◆ **ABOUT THIS EXERCISE**
If a line in the records below contains "moreover", copy that line.

◆ **RECORDS FOR PROCESSING**
[Start of Attachment]

lemma ex_invariant_measure_if_l1_contraction:
  assumes fin: "finite S" and ne: "S \<noteq> {}" and st: "stochastic_on S Q"
    and contr: "l1_contraction S Q c" and c: "0 \<le> c" "c < 1"
  shows "\<exists>\<mu>. invariant_measure S Q \<mu>"
proof -
  define f where "f k = ((\<lambda>u. vec_mult_on S u Q) ^^ k) (\<lambda>x. if x \<in> S then 1 / real (card S) else 0)"
    for k
  have f_Suc: "f (Suc k) = vec_mult_on S (f k) Q" for k by (simp add: f_def)
  have f_prob: "prob_vector_on S (f k)" for k
  proof (induction k)
    case 0
    show ?case using fin ne by (simp add: f_def prob_vector_on_def)
  next
    case (Suc k)
    then show ?case unfolding f_Suc by (rule prob_vector_on_vec_mult_on[OF st])
  qed
  define D where "D k = (\<Sum>y\<in>S. \<bar>f (Suc k) y - f k y\<bar>)" for k
  have D_le: "D k \<le> D 0 * c ^ k" for k
  proof (induction k)
    case (Suc k)
    have "D (Suc k) \<le> c * D k"
      using sum_abs_vec_mult_on_diff_le[OF contr, of "f (Suc k)" "f k"] f_prob[of "Suc k"] f_prob[of k]
      unfolding D_def f_Suc prob_vector_on_def by simp
    also have "\<dots> \<le> D 0 * c ^ Suc k" using Suc c(1) by (simp add: mult_left_mono mult_ac)
    finally show ?case .
  qed simp
  have "convergent (\<lambda>k. f k y)" for y
  proof (rule convergent_if_geometric_steps[OF c])
    fix k
    show "\<bar>f (Suc k) y - f k y\<bar> \<le> D 0 * c ^ k"
    proof (cases "y \<in> S")
      case True
      then have "\<bar>f (Suc k) y - f k y\<bar> \<le> D k"
        unfolding D_def using fin by (intro member_le_sum) auto
      then show ?thesis using D_le[of k] by linarith
    next
      case False
      have "0 \<le> D k" unfolding D_def by (simp add: sum_nonneg)
      then show ?thesis using f_prob False D_le[of k] by (simp add: prob_vector_on_def)
    qed
  qed
  then obtain \<mu> where lim: "\<And>y. (\<lambda>k. f k y) \<longlonglongrightarrow> \<mu> y"
    unfolding convergent_def by metis
  have "prob_vector_on S \<mu>"
    unfolding prob_vector_on_def
  proof (intro conjI allI ballI impI)
    show "\<mu> y = 0" if "y \<notin> S" for y
      using lim[of y] f_prob that by (simp add: prob_vector_on_def LIMSEQ_const_iff)
    show "0 \<le> \<mu> y" if "y \<in> S" for y
      using lim[of y] f_prob that by (intro LIMSEQ_le_const[of "\<lambda>k. f k y"]) (auto simp: prob_vector_on_def)
    show "(\<Sum>y\<in>S. \<mu> y) = 1"
      using tendsto_sum[of S "\<lambda>y k. f k y", OF lim] f_prob by (simp add: prob_vector_on_def LIMSEQ_const_iff)
  qed
  moreover have "vec_mult_on S \<mu> Q y = \<mu> y" for y
  proof (rule LIMSEQ_unique)
    show "(\<lambda>k. f (Suc k) y) \<longlonglongrightarrow> vec_mult_on S \<mu> Q y"
      unfolding f_Suc vec_mult_on_def by (simp add: tendsto_sum tendsto_mult_right lim)
    show "(\<lambda>k. f (Suc k) y) \<longlonglongrightarrow> \<mu> y" using lim by (rule LIMSEQ_Suc)
  qed
  ultimately show ?thesis unfolding invariant_measure_iff by blast
qed
lemma Sp_image_in_orbit_SpSp1: "f \<in> Sp \<Longrightarrow> f ` W \<in> orbit_SpSp1 W"
proof -
  have "(\<lambda>x. hrmul x qone) ` W = W"
    by (simp add: hrmul_def)
  then show "f \<in> Sp \<Longrightarrow> f ` W \<in> orbit_SpSp1 W"
    unfolding orbit_SpSp1_def by (intro CollectI exI[of _ f] exI[of _ qone]) auto
qed

lemma covers_pairs_orbit_SpSp1:
  fixes W :: "(real^4^'n) set"
  assumes "u \<in> W" "w \<in> W" "norm u = 1" "norm w = 1" "norm (hinner u w) < 1"
  shows "covers_pairs (orbit_SpSp1 W) (hinner u w)"
  unfolding covers_pairs_def
proof (intro allI impI)
  fix p q :: "real^4^'n"
  assume pq: "norm p = 1" "norm q = 1" "hinner p q = hinner u w"
  have "\<exists>f\<in>Sp. f u = p \<and> f w = q"
    by (rule Sp_maps_pair[OF assms(3,4) pq assms(5)])
  then obtain f where f: "f \<in> Sp" "f u = p" "f w = q"
    by blast
  then have "p \<in> f ` W" "q \<in> f ` W"
    using assms(1,2) by auto
  then show "\<exists>P\<in>orbit_SpSp1 W. p \<in> P \<and> q \<in> P"
    using Sp_image_in_orbit_SpSp1[OF f(1), of W] by (intro bexI[of _ "f ` W"] conjI)
qed

lemma orbit_SpSp1_covers_vector:
  assumes "subspace W" "u \<in> W" "norm u = 1"
  shows "\<exists>P\<in>orbit_SpSp1 W. v \<in> P"
proof (cases "v = 0")
  case True
  then show ?thesis
    using Sp_image_in_orbit_SpSp1[OF Sp_id, of W] subspace_0[OF assms(1)]
    by (intro bexI[of _ "id ` W"]) auto
next
  case False
  then have "norm ((1 / norm v) *\<^sub>R v) = 1"
    by simp
  then obtain f where f: "f \<in> Sp" "f u = (1 / norm v) *\<^sub>R v"
    using Sp_maps_unit[OF assms(3)] by blast
  have "f (norm v *\<^sub>R u) = v"
    using f False by (simp add: linear_scale[OF Sp_linear[OF f(1)]])
  moreover have "norm v *\<^sub>R u \<in> W"
    using assms by (simp add: subspace_scale)
  ultimately have "v \<in> f ` W"
    by (metis image_eqI)
  then show ?thesis
    using Sp_image_in_orbit_SpSp1[OF f(1), of W] by (intro bexI[of _ "f ` W"])
qed

lemma chained_everywhere:
  fixes G :: "(real^4^'n) set set"
  assumes n: "CARD('n) \<ge> 3" and subspaces: "\<forall>P\<in>G. subspace P"
    and covers: "\<And>v. \<exists>P\<in>G. v \<in> P" and G: "covers_pairs G c" and c: "norm c < 1"
  shows "chained G x y"
proof (cases "x = 0 \<or> y = 0")
  case True
  obtain P Q where "P \<in> G" "x \<in> P" "Q \<in> G" "y \<in> Q"
    using covers by blast
  then have "0 \<in> P" "0 \<in> Q"
    using subspaces by (simp_all add: subspace_0)
  with True show ?thesis
    using \<open>P \<in> G\<close> \<open>x \<in> P\<close> \<open>Q \<in> G\<close> \<open>y \<in> Q\<close> by (metis chained_single)
next
  case False
  define x' where "x' = (1 / norm x) *\<^sub>R x"
  define y' where "y' = (1 / norm y) *\<^sub>R y"
  have x': "norm x' = 1" and y': "norm y' = 1"
    using False by (simp_all add: x'_def y'_def)
  obtain e :: "real^4^'n" where e: "norm e = 1" "hinner e x' = 0" "hinner e y' = 0"
    using exists_unit_hinner_orthogonal[OF n] by blast
  have "chained G x' e"
    using e by (intro chained_orthonormal[OF n G c x' e(1)]) (simp add: hinner_commute[of x' e])
  moreover have "chained G e y'"
    using e by (intro chained_orthonormal[OF n G c e(1) y'])
  ultimately have "chained G x' y'"
    using e(1) by (auto intro: chained_trans)
  then have "chained G (norm x *\<^sub>R x') (norm y *\<^sub>R y')"
    using subspaces by (rule chained_scaleR[rotated])
  then show ?thesis
    using False by (simp add: x'_def y'_def)
qed

theorem proposition11p9:
  fixes W :: "(real^4^'n) set"
  assumes "CARD('n) \<ge> 3"
    and "real_plane W"
    and "\<not> (\<exists>L. quaternion_line L \<and> W \<subseteq> L)"
  shows "transitivity_property (orbit_SpSp1 W)"
proof -
  have W: "subspace W" "dim W = 2"
    using assms(2) by (simp_all add: real_plane_def)
  obtain B where B: "B \<subseteq> W" "\<And>x. x \<in> B \<Longrightarrow> norm x = 1" "card B = dim W" "span B = W"
    using orthonormal_basis_subspace[OF W(1)] by metis
  obtain u w where uw: "B = {u, w}"
    using B(3) W(2) card_2_iff by metis
  have u: "u \<in> W" "norm u = 1" and w: "w \<in> W" "norm w = 1"
    using B uw by auto
  have "\<not> (\<exists>L. quaternion_line L \<and> u \<in> L \<and> w \<in> L)"
    using assms(3) B(4) uw
    by (metis empty_subsetI insert_subset span_minimal subspace_quaternion_line)
  then have "norm (hinner u w) < 1"
    using u w by (intro norm_hinner_lt_1)
  then have "chained (orbit_SpSp1 W) x y" for x y
    using assms(1) subspace_orbit_SpSp1[OF W(1)] orbit_SpSp1_covers_vector[OF W(1) u]
      covers_pairs_orbit_SpSp1[OF u(1) w(1) u(2) w(2)]
    by (intro chained_everywhere) auto
  then show ?thesis
    by (simp add: transitivity_property_iff_chained)
qed

end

[End of Attachment]

◆ **WRITTEN SOLUTION**
  moreover have "vec_mult_on S \<mu> Q y = \<mu> y" for y
  moreover have "norm v *\<^sub>R u \<in> W"
  moreover have "chained G e y'"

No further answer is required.